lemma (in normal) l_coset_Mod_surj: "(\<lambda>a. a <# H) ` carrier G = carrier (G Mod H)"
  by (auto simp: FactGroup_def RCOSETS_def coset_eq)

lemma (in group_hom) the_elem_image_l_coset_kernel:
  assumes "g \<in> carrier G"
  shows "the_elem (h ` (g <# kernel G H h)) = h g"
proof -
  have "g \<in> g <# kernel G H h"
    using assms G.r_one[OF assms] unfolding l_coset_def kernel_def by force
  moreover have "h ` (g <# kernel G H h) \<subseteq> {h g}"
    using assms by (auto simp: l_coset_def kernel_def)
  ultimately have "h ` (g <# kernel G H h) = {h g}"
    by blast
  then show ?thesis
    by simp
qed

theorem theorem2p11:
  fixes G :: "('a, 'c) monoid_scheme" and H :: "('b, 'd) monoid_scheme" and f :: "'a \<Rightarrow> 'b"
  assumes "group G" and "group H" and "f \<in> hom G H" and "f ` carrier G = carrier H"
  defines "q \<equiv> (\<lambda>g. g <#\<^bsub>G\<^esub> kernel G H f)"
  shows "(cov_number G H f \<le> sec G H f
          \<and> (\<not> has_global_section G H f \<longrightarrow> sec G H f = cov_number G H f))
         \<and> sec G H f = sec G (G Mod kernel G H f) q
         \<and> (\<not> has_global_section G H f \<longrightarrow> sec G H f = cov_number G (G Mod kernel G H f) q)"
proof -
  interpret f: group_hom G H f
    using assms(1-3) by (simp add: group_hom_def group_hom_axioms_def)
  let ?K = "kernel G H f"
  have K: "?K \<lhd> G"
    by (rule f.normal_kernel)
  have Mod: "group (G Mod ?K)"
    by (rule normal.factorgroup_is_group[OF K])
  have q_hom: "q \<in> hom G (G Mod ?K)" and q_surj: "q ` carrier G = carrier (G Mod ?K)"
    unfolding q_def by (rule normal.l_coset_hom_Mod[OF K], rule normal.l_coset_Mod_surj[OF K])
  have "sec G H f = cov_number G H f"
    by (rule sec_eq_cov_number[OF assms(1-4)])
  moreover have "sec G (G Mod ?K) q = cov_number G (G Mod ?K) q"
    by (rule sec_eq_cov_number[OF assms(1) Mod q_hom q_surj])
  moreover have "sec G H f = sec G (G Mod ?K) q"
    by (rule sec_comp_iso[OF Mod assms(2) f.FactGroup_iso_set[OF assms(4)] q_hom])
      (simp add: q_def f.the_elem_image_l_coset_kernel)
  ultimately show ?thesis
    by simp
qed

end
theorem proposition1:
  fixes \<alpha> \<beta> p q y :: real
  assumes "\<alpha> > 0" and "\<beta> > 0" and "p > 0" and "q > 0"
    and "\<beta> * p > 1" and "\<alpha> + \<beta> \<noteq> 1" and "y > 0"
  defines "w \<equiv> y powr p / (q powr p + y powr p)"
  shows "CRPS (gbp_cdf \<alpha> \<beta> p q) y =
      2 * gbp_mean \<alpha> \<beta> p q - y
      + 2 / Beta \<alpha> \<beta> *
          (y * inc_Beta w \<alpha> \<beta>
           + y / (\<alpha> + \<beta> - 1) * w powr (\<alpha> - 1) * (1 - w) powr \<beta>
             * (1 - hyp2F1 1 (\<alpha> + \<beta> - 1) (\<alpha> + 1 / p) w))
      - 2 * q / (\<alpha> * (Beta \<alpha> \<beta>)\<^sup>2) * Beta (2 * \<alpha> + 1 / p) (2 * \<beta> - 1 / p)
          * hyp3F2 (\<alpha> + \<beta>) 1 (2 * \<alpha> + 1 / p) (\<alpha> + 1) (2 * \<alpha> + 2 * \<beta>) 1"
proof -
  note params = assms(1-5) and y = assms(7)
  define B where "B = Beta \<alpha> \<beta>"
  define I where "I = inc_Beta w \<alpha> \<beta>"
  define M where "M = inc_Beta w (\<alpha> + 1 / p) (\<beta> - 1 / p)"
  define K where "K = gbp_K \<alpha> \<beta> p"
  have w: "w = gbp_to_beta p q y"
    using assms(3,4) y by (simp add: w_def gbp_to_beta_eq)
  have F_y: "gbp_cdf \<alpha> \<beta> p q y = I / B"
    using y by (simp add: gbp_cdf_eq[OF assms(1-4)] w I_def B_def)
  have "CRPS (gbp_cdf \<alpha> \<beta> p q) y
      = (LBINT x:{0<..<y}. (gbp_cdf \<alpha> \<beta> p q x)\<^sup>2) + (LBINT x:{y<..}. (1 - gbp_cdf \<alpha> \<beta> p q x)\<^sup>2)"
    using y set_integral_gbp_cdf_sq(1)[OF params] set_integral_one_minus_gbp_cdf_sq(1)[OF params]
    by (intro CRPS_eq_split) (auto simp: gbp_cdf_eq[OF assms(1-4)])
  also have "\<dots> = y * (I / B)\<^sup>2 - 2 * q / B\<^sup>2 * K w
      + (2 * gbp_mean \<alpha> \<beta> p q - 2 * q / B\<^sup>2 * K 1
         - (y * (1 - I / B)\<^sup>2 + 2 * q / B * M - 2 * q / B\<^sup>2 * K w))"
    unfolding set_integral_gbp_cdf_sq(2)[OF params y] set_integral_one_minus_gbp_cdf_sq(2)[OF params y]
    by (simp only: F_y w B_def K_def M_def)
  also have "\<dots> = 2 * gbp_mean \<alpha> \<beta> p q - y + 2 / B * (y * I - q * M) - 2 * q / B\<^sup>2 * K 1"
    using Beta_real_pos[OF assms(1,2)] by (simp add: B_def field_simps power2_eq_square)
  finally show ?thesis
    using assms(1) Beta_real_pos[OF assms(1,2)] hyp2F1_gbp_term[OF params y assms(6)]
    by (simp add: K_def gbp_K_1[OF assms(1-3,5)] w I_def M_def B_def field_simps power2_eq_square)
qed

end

**WHAT YOU SHOULD DO:** Copy out all of the lines above exactly.

**WRITTEN ANSWER:**
lemma (in normal) l_coset_Mod_surj: "(\<lambda>a. a <# H) ` carrier G = carrier (G Mod H)"
  by (auto simp: FactGroup_def RCOSETS_def coset_eq)

lemma (in group_hom) the_elem_image_l_coset_kernel:
  assumes "g \<in> carrier G"
  shows "the_elem (h ` (g <# kernel G H h)) = h g"
proof -
  have "g \<in> g <# kernel G H h"
    using assms G.r_one[OF assms] unfolding l_coset_def kernel_def by force
  moreover have "h ` (g <# kernel G H h) \<subseteq> {h g}"
    using assms by (auto simp: l_coset_def kernel_def)
  ultimately have "h ` (g <# kernel G H h) = {h g}"
    by blast
  then show ?thesis
    by simp
qed

theorem theorem2p11:
  fixes G :: "('a, 'c) monoid_scheme" and H :: "('b, 'd) monoid_scheme" and f :: "'a \<Rightarrow> 'b"
  assumes "group G" and "group H" and "f \<in> hom G H" and "f ` carrier G = carrier H"
  defines "q \<equiv> (\<lambda>g. g <#\<^bsub>G\<^esub> kernel G H f)"
  shows "(cov_number G H f \<le> sec G H f
          \<and> (\<not> has_global_section G H f \<longrightarrow> sec G H f = cov_number G H f))
         \<and> sec G H f = sec G (G Mod kernel G H f) q
         \<and> (\<not> has_global_section G H f \<longrightarrow> sec G H f = cov_number G (G Mod kernel G H f) q)"
proof -
  interpret f: group_hom G H f
    using assms(1-3) by (simp add: group_hom_def group_hom_axioms_def)
  let ?K = "kernel G H f"
  have K: "?K \<lhd> G"
    by (rule f.normal_kernel)
  have Mod: "group (G Mod ?K)"
    by (rule normal.factorgroup_is_group[OF K])
  have q_hom: "q \<in> hom G (G Mod ?K)" and q_surj: "q ` carrier G = carrier (G Mod ?K)"
    unfolding q_def by (rule normal.l_coset_hom_Mod[OF K], rule normal.l_coset_Mod_surj[OF K])
  have "sec G H f = cov_number G H f"
    by (rule sec_eq_cov_number[OF assms(1-4)])
  moreover have "sec G (G Mod ?K) q = cov_number G (G Mod ?K) q"
    by (rule sec_eq_cov_number[OF assms(1) Mod q_hom q_surj])
  moreover have "sec G H f = sec G (G Mod ?K) q"
    by (rule sec_comp_iso[OF Mod assms(2) f.FactGroup_iso_set[OF assms(4)] q_hom])
      (simp add: q_def f.the_elem_image_l_coset_kernel)
  ultimately show ?thesis
    by simp
qed

end
theorem proposition1:
  fixes \<alpha> \<beta> p q y :: real
  assumes "\<alpha> > 0" and "\<beta> > 0" and "p > 0" and "q > 0"
    and "\<beta> * p > 1" and "\<alpha> + \<beta> \<noteq> 1" and "y > 0"
  defines "w \<equiv> y powr p / (q powr p + y powr p)"
  shows "CRPS (gbp_cdf \<alpha> \<beta> p q) y =
      2 * gbp_mean \<alpha> \<beta> p q - y
      + 2 / Beta \<alpha> \<beta> *
          (y * inc_Beta w \<alpha> \<beta>
           + y / (\<alpha> + \<beta> - 1) * w powr (\<alpha> - 1) * (1 - w) powr \<beta>
             * (1 - hyp2F1 1 (\<alpha> + \<beta> - 1) (\<alpha> + 1 / p) w))
      - 2 * q / (\<alpha> * (Beta \<alpha> \<beta>)\<^sup>2) * Beta (2 * \<alpha> + 1 / p) (2 * \<beta> - 1 / p)
          * hyp3F2 (\<alpha> + \<beta>) 1 (2 * \<alpha> + 1 / p) (\<alpha> + 1) (2 * \<alpha> + 2 * \<beta>) 1"
proof -
  note params = assms(1-5) and y = assms(7)
  define B where "B = Beta \<alpha> \<beta>"
  define I where "I = inc_Beta w \<alpha> \<beta>"
  define M where "M = inc_Beta w (\<alpha> + 1 / p) (\<beta> - 1 / p)"
  define K where "K = gbp_K \<alpha> \<beta> p"
  have w: "w = gbp_to_beta p q y"
    using assms(3,4) y by (simp add: w_def gbp_to_beta_eq)
  have F_y: "gbp_cdf \<alpha> \<beta> p q y = I / B"
    using y by (simp add: gbp_cdf_eq[OF assms(1-4)] w I_def B_def)
  have "CRPS (gbp_cdf \<alpha> \<beta> p q) y
      = (LBINT x:{0<..<y}. (gbp_cdf \<alpha> \<beta> p q x)\<^sup>2) + (LBINT x:{y<..}. (1 - gbp_cdf \<alpha> \<beta> p q x)\<^sup>2)"
    using y set_integral_gbp_cdf_sq(1)[OF params] set_integral_one_minus_gbp_cdf_sq(1)[OF params]
    by (intro CRPS_eq_split) (auto simp: gbp_cdf_eq[OF assms(1-4)])
  also have "\<dots> = y * (I / B)\<^sup>2 - 2 * q / B\<^sup>2 * K w
      + (2 * gbp_mean \<alpha> \<beta> p q - 2 * q / B\<^sup>2 * K 1
         - (y * (1 - I / B)\<^sup>2 + 2 * q / B * M - 2 * q / B\<^sup>2 * K w))"
    unfolding set_integral_gbp_cdf_sq(2)[OF params y] set_integral_one_minus_gbp_cdf_sq(2)[OF params y]
    by (simp only: F_y w B_def K_def M_def)
  also have "\<dots> = 2 * gbp_mean \<alpha> \<beta> p q - y + 2 / B * (y * I - q * M) - 2 * q / B\<^sup>2 * K 1"
    using Beta_real_pos[OF assms(1,2)] by (simp add: B_def field_simps power2_eq_square)
  finally show ?thesis
    using assms(1) Beta_real_pos[OF assms(1,2)] hyp2F1_gbp_term[OF params y assms(6)]
    by (simp add: K_def gbp_K_1[OF assms(1-3,5)] w I_def M_def B_def field_simps power2_eq_square)
qed

end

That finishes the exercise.